The response must consist of the lines below from the one with "(T \<xi>) \<and> \<xi>" through the one with "using indexed_delta_system_subset[OF X\<^sub>1(3)", exactly as they appear and with both ends kept.

■ ■ ■ ■

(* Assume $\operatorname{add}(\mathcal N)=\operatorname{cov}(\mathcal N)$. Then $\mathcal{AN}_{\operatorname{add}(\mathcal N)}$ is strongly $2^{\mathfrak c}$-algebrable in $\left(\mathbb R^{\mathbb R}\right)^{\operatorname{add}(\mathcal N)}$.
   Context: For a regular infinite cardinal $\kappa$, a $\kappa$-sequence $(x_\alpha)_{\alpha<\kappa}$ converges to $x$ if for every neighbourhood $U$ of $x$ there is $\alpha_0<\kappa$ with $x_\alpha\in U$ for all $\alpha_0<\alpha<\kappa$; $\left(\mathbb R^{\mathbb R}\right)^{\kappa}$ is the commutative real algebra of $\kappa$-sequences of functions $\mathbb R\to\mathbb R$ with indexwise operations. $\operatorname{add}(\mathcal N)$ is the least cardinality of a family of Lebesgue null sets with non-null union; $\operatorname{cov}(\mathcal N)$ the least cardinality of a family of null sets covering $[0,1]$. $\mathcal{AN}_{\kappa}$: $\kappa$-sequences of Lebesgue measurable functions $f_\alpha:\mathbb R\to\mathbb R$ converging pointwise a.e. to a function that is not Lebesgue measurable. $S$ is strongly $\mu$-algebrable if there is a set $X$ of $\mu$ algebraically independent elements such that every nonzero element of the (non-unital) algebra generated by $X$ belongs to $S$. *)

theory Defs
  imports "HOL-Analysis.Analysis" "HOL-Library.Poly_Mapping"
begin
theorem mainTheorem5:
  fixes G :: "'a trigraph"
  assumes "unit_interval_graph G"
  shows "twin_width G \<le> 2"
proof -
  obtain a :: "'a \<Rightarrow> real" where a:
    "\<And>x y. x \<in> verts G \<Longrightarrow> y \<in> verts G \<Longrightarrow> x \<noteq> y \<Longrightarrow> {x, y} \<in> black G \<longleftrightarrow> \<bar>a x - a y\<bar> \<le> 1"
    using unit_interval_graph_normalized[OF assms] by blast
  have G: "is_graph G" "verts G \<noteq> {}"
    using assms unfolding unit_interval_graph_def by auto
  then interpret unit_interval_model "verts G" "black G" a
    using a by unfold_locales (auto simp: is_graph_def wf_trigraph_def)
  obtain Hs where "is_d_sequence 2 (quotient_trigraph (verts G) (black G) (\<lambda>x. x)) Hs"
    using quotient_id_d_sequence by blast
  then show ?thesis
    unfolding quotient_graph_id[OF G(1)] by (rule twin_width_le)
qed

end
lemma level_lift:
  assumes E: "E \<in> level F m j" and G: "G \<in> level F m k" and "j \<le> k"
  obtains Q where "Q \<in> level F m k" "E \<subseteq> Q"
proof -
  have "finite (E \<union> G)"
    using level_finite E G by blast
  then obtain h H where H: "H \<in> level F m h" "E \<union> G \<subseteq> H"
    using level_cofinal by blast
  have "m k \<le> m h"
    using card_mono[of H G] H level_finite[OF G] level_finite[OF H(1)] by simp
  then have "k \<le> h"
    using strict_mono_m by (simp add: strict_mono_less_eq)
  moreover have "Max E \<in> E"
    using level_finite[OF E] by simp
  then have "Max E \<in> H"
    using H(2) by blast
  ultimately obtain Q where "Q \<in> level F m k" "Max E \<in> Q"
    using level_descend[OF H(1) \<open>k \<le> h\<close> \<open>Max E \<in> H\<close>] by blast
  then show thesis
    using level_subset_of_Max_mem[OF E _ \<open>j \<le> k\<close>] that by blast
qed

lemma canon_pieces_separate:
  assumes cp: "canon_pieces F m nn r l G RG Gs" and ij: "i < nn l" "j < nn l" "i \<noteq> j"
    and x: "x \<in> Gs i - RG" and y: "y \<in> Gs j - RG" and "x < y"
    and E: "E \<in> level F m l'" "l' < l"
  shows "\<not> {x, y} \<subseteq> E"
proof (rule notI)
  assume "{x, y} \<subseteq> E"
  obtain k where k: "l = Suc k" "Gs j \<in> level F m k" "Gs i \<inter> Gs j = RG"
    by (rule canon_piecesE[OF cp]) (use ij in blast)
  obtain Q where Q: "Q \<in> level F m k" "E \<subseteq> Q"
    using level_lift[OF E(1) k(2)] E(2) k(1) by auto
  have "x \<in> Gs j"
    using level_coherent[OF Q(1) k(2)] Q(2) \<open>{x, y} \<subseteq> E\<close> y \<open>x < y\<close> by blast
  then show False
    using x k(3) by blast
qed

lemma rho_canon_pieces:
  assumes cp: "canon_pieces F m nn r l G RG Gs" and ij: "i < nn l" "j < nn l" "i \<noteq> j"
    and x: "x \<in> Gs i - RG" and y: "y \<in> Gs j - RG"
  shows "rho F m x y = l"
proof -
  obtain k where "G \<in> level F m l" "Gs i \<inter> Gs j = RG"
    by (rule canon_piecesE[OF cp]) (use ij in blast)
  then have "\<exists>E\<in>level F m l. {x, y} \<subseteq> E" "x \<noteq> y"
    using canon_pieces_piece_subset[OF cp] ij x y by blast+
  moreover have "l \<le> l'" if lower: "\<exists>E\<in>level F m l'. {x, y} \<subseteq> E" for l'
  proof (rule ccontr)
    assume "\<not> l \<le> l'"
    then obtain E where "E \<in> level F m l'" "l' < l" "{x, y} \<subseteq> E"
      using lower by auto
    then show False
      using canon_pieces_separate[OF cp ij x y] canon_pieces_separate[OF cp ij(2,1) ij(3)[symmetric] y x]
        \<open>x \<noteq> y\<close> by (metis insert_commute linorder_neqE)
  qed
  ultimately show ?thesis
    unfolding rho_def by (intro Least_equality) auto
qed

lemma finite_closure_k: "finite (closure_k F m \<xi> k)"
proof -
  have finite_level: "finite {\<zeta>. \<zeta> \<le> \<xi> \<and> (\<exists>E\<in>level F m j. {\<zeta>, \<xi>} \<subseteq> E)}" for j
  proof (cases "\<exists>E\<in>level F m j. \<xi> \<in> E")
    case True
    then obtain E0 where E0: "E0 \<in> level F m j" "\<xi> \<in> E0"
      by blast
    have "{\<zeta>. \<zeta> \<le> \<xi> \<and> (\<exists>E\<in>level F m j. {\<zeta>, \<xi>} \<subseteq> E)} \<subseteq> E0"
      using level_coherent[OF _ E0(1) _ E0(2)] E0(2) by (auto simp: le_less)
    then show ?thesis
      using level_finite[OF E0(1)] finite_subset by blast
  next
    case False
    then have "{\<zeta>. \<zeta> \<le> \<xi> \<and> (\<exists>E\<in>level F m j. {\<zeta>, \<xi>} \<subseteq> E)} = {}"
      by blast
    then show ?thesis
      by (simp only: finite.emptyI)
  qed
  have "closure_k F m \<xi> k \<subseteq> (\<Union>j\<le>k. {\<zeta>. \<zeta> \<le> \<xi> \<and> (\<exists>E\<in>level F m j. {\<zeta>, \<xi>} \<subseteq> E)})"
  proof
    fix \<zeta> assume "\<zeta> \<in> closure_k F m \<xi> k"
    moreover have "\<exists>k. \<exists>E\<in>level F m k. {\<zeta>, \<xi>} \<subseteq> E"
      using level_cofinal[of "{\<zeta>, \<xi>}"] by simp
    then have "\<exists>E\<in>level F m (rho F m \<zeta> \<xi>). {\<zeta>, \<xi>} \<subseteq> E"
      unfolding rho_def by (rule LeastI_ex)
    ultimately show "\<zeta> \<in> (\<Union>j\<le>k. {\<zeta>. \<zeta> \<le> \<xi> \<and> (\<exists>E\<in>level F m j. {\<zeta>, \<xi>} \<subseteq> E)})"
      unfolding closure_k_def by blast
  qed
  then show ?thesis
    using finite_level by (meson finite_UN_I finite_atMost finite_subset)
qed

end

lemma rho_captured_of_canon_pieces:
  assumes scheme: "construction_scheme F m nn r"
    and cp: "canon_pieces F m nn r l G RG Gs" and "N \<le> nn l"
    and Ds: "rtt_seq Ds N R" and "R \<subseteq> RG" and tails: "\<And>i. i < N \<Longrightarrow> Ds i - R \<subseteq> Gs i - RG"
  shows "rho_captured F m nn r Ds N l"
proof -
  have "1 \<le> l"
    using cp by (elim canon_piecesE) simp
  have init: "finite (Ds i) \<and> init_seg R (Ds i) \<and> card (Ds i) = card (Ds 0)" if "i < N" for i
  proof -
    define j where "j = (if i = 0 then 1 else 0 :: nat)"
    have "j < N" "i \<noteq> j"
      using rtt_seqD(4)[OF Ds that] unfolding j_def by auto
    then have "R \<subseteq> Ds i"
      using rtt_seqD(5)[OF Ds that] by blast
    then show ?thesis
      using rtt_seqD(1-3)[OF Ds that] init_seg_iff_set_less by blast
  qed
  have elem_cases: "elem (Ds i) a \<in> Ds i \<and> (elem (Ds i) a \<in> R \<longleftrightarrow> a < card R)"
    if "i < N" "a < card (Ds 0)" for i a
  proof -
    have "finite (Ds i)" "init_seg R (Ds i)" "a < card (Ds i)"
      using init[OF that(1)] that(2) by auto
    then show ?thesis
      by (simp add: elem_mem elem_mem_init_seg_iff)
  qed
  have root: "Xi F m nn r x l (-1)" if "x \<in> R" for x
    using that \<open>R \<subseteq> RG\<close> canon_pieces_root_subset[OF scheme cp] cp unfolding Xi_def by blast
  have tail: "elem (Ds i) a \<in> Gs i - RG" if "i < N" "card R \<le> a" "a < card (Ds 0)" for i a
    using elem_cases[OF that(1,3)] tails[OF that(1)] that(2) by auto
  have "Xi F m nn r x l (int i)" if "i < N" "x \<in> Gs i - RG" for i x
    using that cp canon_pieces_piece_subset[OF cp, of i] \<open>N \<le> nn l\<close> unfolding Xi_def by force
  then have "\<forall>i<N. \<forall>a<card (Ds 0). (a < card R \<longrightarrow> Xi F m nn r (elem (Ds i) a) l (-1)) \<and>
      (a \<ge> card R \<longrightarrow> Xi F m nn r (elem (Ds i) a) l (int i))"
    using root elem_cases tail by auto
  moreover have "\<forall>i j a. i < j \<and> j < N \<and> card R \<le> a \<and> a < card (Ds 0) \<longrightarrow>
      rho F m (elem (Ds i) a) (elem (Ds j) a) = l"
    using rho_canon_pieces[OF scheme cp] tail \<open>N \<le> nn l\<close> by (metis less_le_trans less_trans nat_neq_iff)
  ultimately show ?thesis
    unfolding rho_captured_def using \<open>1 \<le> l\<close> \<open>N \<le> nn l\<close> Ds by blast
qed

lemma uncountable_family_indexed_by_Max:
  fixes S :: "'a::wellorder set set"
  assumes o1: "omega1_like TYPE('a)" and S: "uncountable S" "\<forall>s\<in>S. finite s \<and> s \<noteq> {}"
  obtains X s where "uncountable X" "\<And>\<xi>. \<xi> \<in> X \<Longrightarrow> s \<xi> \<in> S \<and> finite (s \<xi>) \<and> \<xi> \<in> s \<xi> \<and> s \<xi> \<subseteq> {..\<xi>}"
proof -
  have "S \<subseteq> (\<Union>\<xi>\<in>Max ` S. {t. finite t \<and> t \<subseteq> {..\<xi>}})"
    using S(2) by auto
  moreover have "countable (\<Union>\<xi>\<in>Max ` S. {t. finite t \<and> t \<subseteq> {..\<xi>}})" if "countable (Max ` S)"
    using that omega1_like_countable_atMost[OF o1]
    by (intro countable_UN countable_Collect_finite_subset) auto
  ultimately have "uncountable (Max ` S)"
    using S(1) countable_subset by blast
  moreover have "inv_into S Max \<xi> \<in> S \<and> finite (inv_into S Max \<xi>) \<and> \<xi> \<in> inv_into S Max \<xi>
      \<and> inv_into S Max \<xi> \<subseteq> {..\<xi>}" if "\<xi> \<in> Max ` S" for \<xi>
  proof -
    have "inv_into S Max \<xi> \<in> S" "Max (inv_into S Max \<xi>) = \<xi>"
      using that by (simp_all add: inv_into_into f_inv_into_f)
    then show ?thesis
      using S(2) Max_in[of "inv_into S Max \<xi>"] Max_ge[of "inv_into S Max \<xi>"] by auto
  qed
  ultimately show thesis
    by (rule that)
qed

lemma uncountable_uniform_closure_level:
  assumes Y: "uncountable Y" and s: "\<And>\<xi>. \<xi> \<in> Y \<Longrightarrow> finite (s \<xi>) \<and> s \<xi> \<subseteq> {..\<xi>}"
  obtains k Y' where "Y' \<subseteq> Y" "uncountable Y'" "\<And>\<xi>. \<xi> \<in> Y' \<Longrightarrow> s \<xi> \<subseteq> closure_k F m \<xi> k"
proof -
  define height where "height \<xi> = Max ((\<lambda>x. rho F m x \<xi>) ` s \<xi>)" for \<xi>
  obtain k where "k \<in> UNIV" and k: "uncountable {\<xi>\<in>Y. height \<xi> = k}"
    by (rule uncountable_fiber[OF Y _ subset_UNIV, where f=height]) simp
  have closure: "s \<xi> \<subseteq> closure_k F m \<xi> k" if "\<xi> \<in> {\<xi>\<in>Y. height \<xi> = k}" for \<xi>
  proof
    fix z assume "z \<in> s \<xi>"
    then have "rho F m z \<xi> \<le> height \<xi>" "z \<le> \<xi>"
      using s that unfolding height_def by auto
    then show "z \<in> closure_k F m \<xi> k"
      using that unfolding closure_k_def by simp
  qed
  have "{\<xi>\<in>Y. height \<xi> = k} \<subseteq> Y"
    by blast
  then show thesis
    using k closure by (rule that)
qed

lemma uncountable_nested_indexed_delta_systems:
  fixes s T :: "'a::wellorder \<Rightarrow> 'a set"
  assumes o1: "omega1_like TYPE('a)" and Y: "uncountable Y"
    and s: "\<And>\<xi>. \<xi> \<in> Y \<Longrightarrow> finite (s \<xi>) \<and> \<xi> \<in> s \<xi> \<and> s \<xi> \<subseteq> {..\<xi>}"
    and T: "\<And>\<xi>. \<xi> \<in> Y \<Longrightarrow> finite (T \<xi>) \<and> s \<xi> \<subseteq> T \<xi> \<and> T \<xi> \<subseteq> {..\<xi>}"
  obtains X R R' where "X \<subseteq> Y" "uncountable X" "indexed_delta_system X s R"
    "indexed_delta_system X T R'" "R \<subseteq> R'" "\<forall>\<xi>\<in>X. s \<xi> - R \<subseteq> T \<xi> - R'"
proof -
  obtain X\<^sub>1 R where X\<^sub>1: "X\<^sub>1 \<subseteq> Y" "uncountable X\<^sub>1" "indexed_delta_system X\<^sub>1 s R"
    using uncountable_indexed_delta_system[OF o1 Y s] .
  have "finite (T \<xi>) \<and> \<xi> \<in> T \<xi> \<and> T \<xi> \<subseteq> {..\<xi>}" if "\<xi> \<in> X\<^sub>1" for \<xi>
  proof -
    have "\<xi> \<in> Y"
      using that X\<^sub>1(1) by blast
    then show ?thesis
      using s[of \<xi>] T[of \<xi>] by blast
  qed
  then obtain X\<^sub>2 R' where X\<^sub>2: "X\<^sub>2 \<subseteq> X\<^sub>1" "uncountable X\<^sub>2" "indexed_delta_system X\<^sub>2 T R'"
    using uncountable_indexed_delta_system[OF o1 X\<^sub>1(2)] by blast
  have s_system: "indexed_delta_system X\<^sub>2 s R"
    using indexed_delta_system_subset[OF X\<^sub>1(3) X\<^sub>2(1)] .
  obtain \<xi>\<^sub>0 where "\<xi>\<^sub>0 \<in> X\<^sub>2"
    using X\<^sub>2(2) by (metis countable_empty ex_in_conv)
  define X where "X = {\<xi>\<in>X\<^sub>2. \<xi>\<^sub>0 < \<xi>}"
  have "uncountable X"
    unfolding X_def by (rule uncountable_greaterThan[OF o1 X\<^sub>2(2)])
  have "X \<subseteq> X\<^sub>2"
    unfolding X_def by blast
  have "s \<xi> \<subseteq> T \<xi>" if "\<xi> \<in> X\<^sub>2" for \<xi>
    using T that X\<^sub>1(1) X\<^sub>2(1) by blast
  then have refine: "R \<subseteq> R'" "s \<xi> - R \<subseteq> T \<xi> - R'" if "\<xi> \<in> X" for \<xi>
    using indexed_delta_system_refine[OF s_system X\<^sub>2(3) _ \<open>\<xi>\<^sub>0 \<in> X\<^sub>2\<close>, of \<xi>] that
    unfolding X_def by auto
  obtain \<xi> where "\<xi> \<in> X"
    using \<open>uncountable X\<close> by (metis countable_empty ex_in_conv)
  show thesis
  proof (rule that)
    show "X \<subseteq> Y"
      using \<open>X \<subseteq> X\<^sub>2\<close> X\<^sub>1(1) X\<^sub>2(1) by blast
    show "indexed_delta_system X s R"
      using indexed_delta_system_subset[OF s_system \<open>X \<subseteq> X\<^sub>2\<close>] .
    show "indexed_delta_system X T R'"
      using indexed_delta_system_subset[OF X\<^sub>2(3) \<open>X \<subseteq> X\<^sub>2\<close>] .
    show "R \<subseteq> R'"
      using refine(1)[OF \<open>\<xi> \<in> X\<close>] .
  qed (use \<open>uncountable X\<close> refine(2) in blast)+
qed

■ ■ ■ ■

## [Solution to the exercise]
  have "finite (T \<xi>) \<and> \<xi> \<in> T \<xi> \<and> T \<xi> \<subseteq> {..\<xi>}" if "\<xi> \<in> X\<^sub>1" for \<xi>
  proof -
    have "\<xi> \<in> Y"
      using that X\<^sub>1(1) by blast
    then show ?thesis
      using s[of \<xi>] T[of \<xi>] by blast
  qed
  then obtain X\<^sub>2 R' where X\<^sub>2: "X\<^sub>2 \<subseteq> X\<^sub>1" "uncountable X\<^sub>2" "indexed_delta_system X\<^sub>2 T R'"
    using uncountable_indexed_delta_system[OF o1 X\<^sub>1(2)] by blast
  have s_system: "indexed_delta_system X\<^sub>2 s R"
    using indexed_delta_system_subset[OF X\<^sub>1(3) X\<^sub>2(1)] .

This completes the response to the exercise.